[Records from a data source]
————————

(* Let $X$ be a real Banach space, $0<\delta\le2$, and $D\subset X$ dense. Then $X$ has the LD$\delta$P if and only if for every $\varepsilon>0$ and every $z\in D$, either $\|z\|\ge1$ or $$z\in\overline{\mathrm{co}}_{\mathbb{Q}}\Big\{\tfrac{x+y}{2}: x,y\in \operatorname{int}(B_X)\cap D,\ \|x-y\|>\delta-\varepsilon\Big\}.$$
   Context: $X$ has the local diameter $\delta$ property (LD$\delta$P) if every slice $S(B_X,f,\alpha)=\{x\in B_X:f(x)>1-\alpha\}$ ($f\in S_{X^*}$, $\alpha>0$) has diameter $\ge\delta$. For $A\subset X$, $\overline{\mathrm{co}}_{\mathbb{Q}}(A)$ denotes the norm closure of the set of all convex combinations of elements of $A$ with rational coefficients. $\operatorname{int}(B_X)$ is the open unit ball. *)

theory Defs
  imports "HOL-Analysis.Analysis"
begin

definition slice :: "('a::real_normed_vector \<Rightarrow> real) \<Rightarrow> real \<Rightarrow> 'a set" where
  "slice f \<alpha> = {x. norm x \<le> 1 \<and> f x > 1 - \<alpha>}"

definition LDP :: "real \<Rightarrow> 'a::real_normed_vector itself \<Rightarrow> bool" where
  "LDP \<delta> _ \<longleftrightarrow> (\<forall>(f::'a \<Rightarrow> real) \<alpha>. bounded_linear f \<and> onorm f = 1 \<and> \<alpha> > 0
      \<longrightarrow> diameter (slice f \<alpha>) \<ge> \<delta>)"
(* Let $A\in\mathbb{Z}^{m\times n}$ have full column rank, $b\in\mathbb{Z}^m$, $c\in\mathbb{Q}^n$, and let $x^*$ be an optimal vertex of $\max\{c^\top x: Ax\le b,\ x\in\mathbb{R}^n\}$, where the integer program $\max\{c^\top x: Ax\le b,\ x\in\mathbb{Z}^n\}$ is feasible. Then there exist an optimal solution $z^*$ of this integer program, an integral matrix $\bar A$ whose rows are rows of $A$ or their negatives, and an integral vector $\bar b$ such that $\{x:\bar Ax\le\bar b\}\subseteq\{x:Ax\le b\}$, $x^*$ is a vertex of $\{x:\bar Ax\le \bar b\}$, and $\{x:\bar Ax\le\bar b\}\cap\mathbb{Z}^n=\{z^*\}$. *)

theory Defs
  imports "HOL-Analysis.Analysis"
begin

definition real_mat :: "int^'n^'m \<Rightarrow> real^'n^'m" where
  "real_mat A = (\<chi> i j. real_of_int (A $ i $ j))"

definition polyhedron :: "int^'n^'m \<Rightarrow> int^'m \<Rightarrow> (real^'n) set" where
  "polyhedron A b = {x. \<forall>i. (\<Sum>j\<in>UNIV. real_of_int (A $ i $ j) * x $ j) \<le> real_of_int (b $ i)}"

definition polyhedron_list :: "((int^'n) \<times> int) list \<Rightarrow> (real^'n) set" where
  "polyhedron_list L = {x. \<forall>(r, \<beta>) \<in> set L. (\<Sum>j\<in>UNIV. real_of_int (r $ j) * x $ j) \<le> real_of_int \<beta>}"

definition integral_vec :: "real^'n \<Rightarrow> bool" where
  "integral_vec x \<longleftrightarrow> (\<forall>j. x $ j \<in> \<int>)"

definition vertex_of :: "real^'n \<Rightarrow> (real^'n) set \<Rightarrow> bool" where
  "vertex_of v P \<longleftrightarrow> v extreme_point_of P"

end

theory Submission
  imports Defs
begin

text \<open>
  Among the integral optima, pick \<open>z\<^sup>*\<close> maximising the sum of the constraints
  that are tight at \<open>x\<^sup>*\<close>, and add to \<open>Ax \<le> b\<close> the cuts \<open>A\<^sub>i x \<ge> A\<^sub>i z\<^sup>*\<close> for those tight
  rows \<open>i\<close>. Then \<open>x\<^sup>*\<close> still satisfies the new system and stays a vertex. If \<open>z\<close> is another
  integral point of it, \<open>z\<^sup>* - z\<close> is a feasible direction at \<open>x\<^sup>*\<close>, so by optimality of \<open>x\<^sup>*\<close>
  the point \<open>z\<close> is an integral optimum too; the choice of \<open>z\<^sup>*\<close> then forces \<open>A\<^sub>i z = A\<^sub>i z\<^sup>*\<close>
  on all tight rows, so \<open>\<plusminus>(z - z\<^sup>*)\<close> are both feasible directions at \<open>x\<^sup>*\<close>, and since \<open>x\<^sup>*\<close> is
  a vertex, \<open>z = z\<^sup>*\<close>.
\<close>

definition int_inner :: "int^'n \<Rightarrow> real^'n \<Rightarrow> real" where
  "int_inner r x = (\<Sum>j\<in>UNIV. real_of_int (r $ j) * x $ j)"

lemma int_inner_add_right: "int_inner r (x + y) = int_inner r x + int_inner r y"
  by (simp add: int_inner_def algebra_simps sum.distrib)

lemma int_inner_diff_right: "int_inner r (x - y) = int_inner r x - int_inner r y"
  by (simp add: int_inner_def algebra_simps sum_subtractf)

lemma int_inner_scaleR_right: "int_inner r (t *\<^sub>R x) = t * int_inner r x"
  by (simp add: int_inner_def sum_distrib_left mult_ac)

lemma int_inner_minus_right: "int_inner r (- x) = - int_inner r x"
  by (simp add: int_inner_def sum_negf)

lemma int_inner_minus_left: "int_inner (- r) x = - int_inner r x"
  by (simp add: int_inner_def sum_negf)

lemma int_inner_Ints: "integral_vec z \<Longrightarrow> int_inner r z \<in> \<int>"
  unfolding int_inner_def integral_vec_def by (intro Ints_sum Ints_mult) auto

lemma polyhedron_iff:
  "x \<in> polyhedron A b \<longleftrightarrow> (\<forall>i. int_inner (A $ i) x \<le> real_of_int (b $ i))"
  by (simp add: polyhedron_def int_inner_def)

lemma polyhedron_list_iff:
  "x \<in> polyhedron_list L \<longleftrightarrow> (\<forall>(r, \<beta>) \<in> set L. int_inner r x \<le> real_of_int \<beta>)"
  by (simp add: polyhedron_list_def int_inner_def)

lemma Rats_vec_common_denominator:
  assumes "\<forall>j. (c::real^'n) $ j \<in> \<rat>"
  shows "\<exists>D::real. D > 0 \<and> (\<forall>j. D * c $ j \<in> \<int>)"
proof -
  have "\<exists>q::int. q > 0 \<and> of_int q * c $ j \<in> \<int>" for j
  proof -
    have "c $ j \<in> \<rat>" using assms by blast
    then obtain a q where "q > 0" "c $ j = of_int a / of_int q" by (auto elim: Rats_cases')
    then show ?thesis by (intro exI[of _ q]) auto
  qed
  then obtain Q where Q: "\<And>j. Q j > 0" "\<And>j. of_int (Q j) * c $ j \<in> \<int>" by metis
  define D where "D = (\<Prod>j\<in>UNIV. real_of_int (Q j))"
  have "D * c $ j \<in> \<int>" for j
  proof -
    have "D * c $ j = (of_int (Q j) * c $ j) * (\<Prod>k\<in>UNIV - {j}. real_of_int (Q k))"
      unfolding D_def using prod.remove[of UNIV j "\<lambda>k. real_of_int (Q k)"] by simp
    also have "\<dots> \<in> \<int>" by (intro Ints_mult[OF Q(2)] Ints_prod) auto
    finally show ?thesis .
  qed
  moreover have "D > 0" unfolding D_def using Q(1) by (intro prod_pos) auto
  ultimately show ?thesis by blast
qed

————————

| Your objective |
Show all of the lines above in which "obtain" is present.

| The completed task |
    then obtain a q where "q > 0" "c $ j = of_int a / of_int q" by (auto elim: Rats_cases')
  then obtain Q where Q: "\<And>j. Q j > 0" "\<And>j. of_int (Q j) * c $ j \<in> \<int>" by metis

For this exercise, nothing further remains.